= DATA EXCERPTS =
(* Let $E$ be a real Hilbert space and define the relation $\preceq$ on $E$ by $x\preceq y\iff (x,x)\le (x,y)$. Then $(E,\preceq)$ is a cc sponge with a least element.
   Context: An orientation is a reflexive, antisymmetric binary relation. For $P\subseteq E$, $P$ is right-bounded if some $s$ has $p\preceq s$ for all $p\in P$; the join of $P$ is an $x$ with $p\preceq x$ for all $p\in P$ and $x\preceq y$ whenever $p\preceq y$ for all $p\in P$. An oriented set is a cc sponge if every nonempty right-bounded subset has a join. A least element is an element $z$ with $z\preceq x$ for all $x\in E$. *)

theory Defs
  imports "HOL-Analysis.Analysis"
begin

text \<open>Order-theoretic notions for a binary relation r on the whole type (the set E is UNIV).\<close>

definition orientation :: "('a \<Rightarrow> 'a \<Rightarrow> bool) \<Rightarrow> bool" where
  "orientation r \<longleftrightarrow> (\<forall>x. r x x) \<and> (\<forall>x y. r x y \<and> r y x \<longrightarrow> x = y)"

definition right_bounded :: "('a \<Rightarrow> 'a \<Rightarrow> bool) \<Rightarrow> 'a set \<Rightarrow> bool" where
  "right_bounded r P \<longleftrightarrow> (\<exists>s. \<forall>p\<in>P. r p s)"

definition is_join :: "('a \<Rightarrow> 'a \<Rightarrow> bool) \<Rightarrow> 'a set \<Rightarrow> 'a \<Rightarrow> bool" where
  "is_join r P x \<longleftrightarrow> (\<forall>p\<in>P. r p x) \<and> (\<forall>y. (\<forall>p\<in>P. r p y) \<longrightarrow> r x y)"

definition cc_sponge :: "('a \<Rightarrow> 'a \<Rightarrow> bool) \<Rightarrow> bool" where
  "cc_sponge r \<longleftrightarrow> orientation r \<and>
     (\<forall>P. P \<noteq> {} \<and> right_bounded r P \<longrightarrow> (\<exists>x. is_join r P x))"

definition least_element :: "('a \<Rightarrow> 'a \<Rightarrow> bool) \<Rightarrow> 'a \<Rightarrow> bool" where
  "least_element r z \<longleftrightarrow> (\<forall>x. r z x)"

definition hrel :: "'a::real_inner \<Rightarrow> 'a \<Rightarrow> bool" where
  "hrel x y \<longleftrightarrow> inner x x \<le> inner x y"

end

theory Submission
  imports Defs
begin

text \<open>The upper bounds of a set \<open>P\<close> form the intersection of the closed half-spaces
  \<open>{y. (p, p) \<le> (p, y)}\<close>, a closed convex set, nonempty if \<open>P\<close> is right-bounded.
  By completeness and the parallelogram law (which makes norm-minimising sequences
  Cauchy) this set has an element \<open>x\<close> of least norm, i.e. \<open>x\<close> is the projection of \<open>0\<close>
  onto it; the variational inequality of the projection reads \<open>(x, x) \<le> (x, y)\<close> for
  every upper bound \<open>y\<close>, so \<open>x\<close> is the join. The least element is \<open>0\<close>, and
  antisymmetry holds since the two inequalities add up to \<open>(x - y, x - y) \<le> 0\<close>.\<close>

lemma parallelogram_law:
  fixes a b :: "'a::real_inner"
  shows "(norm (a + b))\<^sup>2 + (norm (a - b))\<^sup>2 = 2 * (norm a)\<^sup>2 + 2 * (norm b)\<^sup>2"
  by (simp add: power2_norm_eq_inner inner_diff_left inner_diff_right
      inner_add_left inner_add_right inner_commute)

lemma convex_dist_le_norm_excess:
  fixes S :: "'a::real_inner set"
  assumes "convex S" "x \<in> S" "y \<in> S" "0 \<le> d" "\<And>z. z \<in> S \<Longrightarrow> d \<le> norm z"
  shows "(dist x y)\<^sup>2 \<le> 2 * ((norm x)\<^sup>2 - d\<^sup>2) + 2 * ((norm y)\<^sup>2 - d\<^sup>2)"
proof -
  have "(1/2) *\<^sub>R x + (1/2) *\<^sub>R y \<in> S"
    using assms(1-3) by (simp add: convex_def)
  then have "d \<le> norm ((1/2) *\<^sub>R (x + y))"
    using assms(5) by (simp add: scaleR_add_right)
  then have "2 * d \<le> norm (x + y)"
    by simp
  then have "(2 * d)\<^sup>2 \<le> (norm (x + y))\<^sup>2"
    using \<open>0 \<le> d\<close> by (intro power_mono) auto
  then show ?thesis
    using parallelogram_law[of x y] by (simp add: dist_norm power_mult_distrib)
qed

lemma Cauchy_if_dist_sq_le:
  fixes y :: "nat \<Rightarrow> 'a::metric_space"
  assumes "f \<longlonglongrightarrow> 0" "\<And>m n. (dist (y m) (y n))\<^sup>2 \<le> f m + f n"
  shows "Cauchy y"
proof (rule metric_CauchyI)
  fix e :: real
  assume "0 < e"
  then have "eventually (\<lambda>n. f n < e\<^sup>2 / 2) sequentially"
    using assms(1) by (intro order_tendstoD) auto
  then obtain M where M: "\<And>n. M \<le> n \<Longrightarrow> f n < e\<^sup>2 / 2"
    by (auto simp: eventually_sequentially)
  have "dist (y m) (y n) < e" if "M \<le> m" "M \<le> n" for m n
  proof -
    have "(dist (y m) (y n))\<^sup>2 < e\<^sup>2"
      using assms(2)[of m n] M[OF that(1)] M[OF that(2)] by linarith
    then show ?thesis
      using \<open>0 < e\<close> by (simp add: power_less_imp_less_base)
  qed
  then show "\<exists>M. \<forall>m\<ge>M. \<forall>n\<ge>M. dist (y m) (y n) < e"
    by blast
qed

lemma closed_convex_has_min_norm:
  fixes S :: "'a::{real_inner, complete_space} set"
  assumes "closed S" "convex S" "S \<noteq> {}"
  obtains x where "x \<in> S" "\<And>z. z \<in> S \<Longrightarrow> norm x \<le> norm z"
proof -
  define d where "d = Inf (norm ` S)"
  have bdd: "bdd_below (norm ` S)"
    by (rule bdd_belowI[of _ 0]) auto
  have d_le: "d \<le> norm z" if "z \<in> S" for z
    unfolding d_def using bdd that by (simp add: cInf_lower)
  have "0 \<le> d"
    unfolding d_def using assms(3) by (auto intro: cInf_greatest)
  have "d \<in> closure (norm ` S)"
    unfolding d_def using assms(3) bdd by (intro closure_contains_Inf) auto
  then obtain u where u: "\<And>n. u n \<in> norm ` S" and "u \<longlonglongrightarrow> d"
    by (auto simp: closure_sequential)
  have "\<forall>n. \<exists>z. z \<in> S \<and> u n = norm z"
    using u by blast
  then obtain y where y: "\<And>n. y n \<in> S" and u_eq: "u = (\<lambda>n. norm (y n))"
    by metis
  have y_lim: "(\<lambda>n. norm (y n)) \<longlonglongrightarrow> d"
    using \<open>u \<longlonglongrightarrow> d\<close> by (simp add: u_eq)
  define f where "f n = 2 * ((norm (y n))\<^sup>2 - d\<^sup>2)" for n
  have "f \<longlonglongrightarrow> 2 * (d\<^sup>2 - d\<^sup>2)"
    unfolding f_def by (intro tendsto_intros y_lim)
  then have "f \<longlonglongrightarrow> 0"
    by simp
  moreover have "(dist (y m) (y n))\<^sup>2 \<le> f m + f n" for m n
    unfolding f_def using convex_dist_le_norm_excess[OF assms(2) y y \<open>0 \<le> d\<close> d_le] .
  ultimately have "Cauchy y"
    by (rule Cauchy_if_dist_sq_le)
  then obtain x where x_lim: "y \<longlonglongrightarrow> x"
    using Cauchy_convergent_iff convergent_def by blast
  have "x \<in> S"
    using assms(1) y x_lim closed_sequentially by blast
  moreover have "norm x = d"
    using tendsto_norm[OF x_lim] y_lim by (rule LIMSEQ_unique)
  ultimately show ?thesis
    using d_le that by auto
qed

lemma orientation_hrel: "orientation (hrel :: 'a::real_inner \<Rightarrow> 'a \<Rightarrow> bool)"
  unfolding orientation_def hrel_def
proof (intro conjI allI impI)
  fix x y :: 'a
  assume "inner x x \<le> inner x y \<and> inner y y \<le> inner y x"
  then have "inner (x - y) (x - y) \<le> 0"
    by (simp add: inner_diff_left inner_diff_right inner_commute)
  then show "x = y"
    using inner_ge_zero[of "x - y"] by simp
qed simp

lemma least_element_hrel_zero: "least_element hrel (0::'a::real_inner)"
  unfolding least_element_def hrel_def by simp

lemma min_norm_hrel:
  fixes S :: "'a::real_inner set"
  assumes "closed S" "convex S" "x \<in> S" "\<And>z. z \<in> S \<Longrightarrow> norm x \<le> norm z" "y \<in> S"
  shows "hrel x y"
proof -
  have "inner (0 - x) (y - x) \<le> 0"
    using assms by (intro any_closest_point_dot[of S]) auto
  then show ?thesis
    unfolding hrel_def by (simp add: inner_diff_right)
qed

lemma right_bounded_hrel_has_join:
  fixes P :: "'a::{real_inner, complete_space} set"
  assumes "right_bounded hrel P"
  shows "\<exists>x. is_join hrel P x"
proof -
  define U where "U = (\<Inter>p\<in>P. {y. inner p p \<le> inner p y})"
  have U_iff: "y \<in> U \<longleftrightarrow> (\<forall>p\<in>P. hrel p y)" for y
    unfolding U_def hrel_def by auto
  have "closed U"
    unfolding U_def by (intro closed_INT ballI closed_halfspace_ge)
  moreover have "convex U"
    unfolding U_def by (intro convex_INT ballI convex_halfspace_ge)
  moreover have "U \<noteq> {}"
    using assms U_iff unfolding right_bounded_def by auto
  ultimately obtain x where "x \<in> U" "\<And>z. z \<in> U \<Longrightarrow> norm x \<le> norm z"
    by (blast intro: closed_convex_has_min_norm)
  then have "is_join hrel P x"
    using min_norm_hrel[OF \<open>closed U\<close> \<open>convex U\<close>] U_iff unfolding is_join_def by blast
  then show ?thesis ..
qed

theorem mainTheorem7:
  shows "cc_sponge (hrel :: 'a::{real_inner, complete_space} \<Rightarrow> 'a \<Rightarrow> bool)
         \<and> (\<exists>z::'a. least_element hrel z)"
  using orientation_hrel right_bounded_hrel_has_join least_element_hrel_zero
  unfolding cc_sponge_def by blast

end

= YOUR INSTRUCTIONS =
From the first line of the data above through the line containing "set \<Rightarrow> 'a", repeat each line exactly, and add nothing.

= EXERCISE RESPONSE =
(* Let $E$ be a real Hilbert space and define the relation $\preceq$ on $E$ by $x\preceq y\iff (x,x)\le (x,y)$. Then $(E,\preceq)$ is a cc sponge with a least element.
   Context: An orientation is a reflexive, antisymmetric binary relation. For $P\subseteq E$, $P$ is right-bounded if some $s$ has $p\preceq s$ for all $p\in P$; the join of $P$ is an $x$ with $p\preceq x$ for all $p\in P$ and $x\preceq y$ whenever $p\preceq y$ for all $p\in P$. An oriented set is a cc sponge if every nonempty right-bounded subset has a join. A least element is an element $z$ with $z\preceq x$ for all $x\in E$. *)

theory Defs
  imports "HOL-Analysis.Analysis"
begin

text \<open>Order-theoretic notions for a binary relation r on the whole type (the set E is UNIV).\<close>

definition orientation :: "('a \<Rightarrow> 'a \<Rightarrow> bool) \<Rightarrow> bool" where
  "orientation r \<longleftrightarrow> (\<forall>x. r x x) \<and> (\<forall>x y. r x y \<and> r y x \<longrightarrow> x = y)"

definition right_bounded :: "('a \<Rightarrow> 'a \<Rightarrow> bool) \<Rightarrow> 'a set \<Rightarrow> bool" where
  "right_bounded r P \<longleftrightarrow> (\<exists>s. \<forall>p\<in>P. r p s)"

definition is_join :: "('a \<Rightarrow> 'a \<Rightarrow> bool) \<Rightarrow> 'a set \<Rightarrow> 'a \<Rightarrow> bool" where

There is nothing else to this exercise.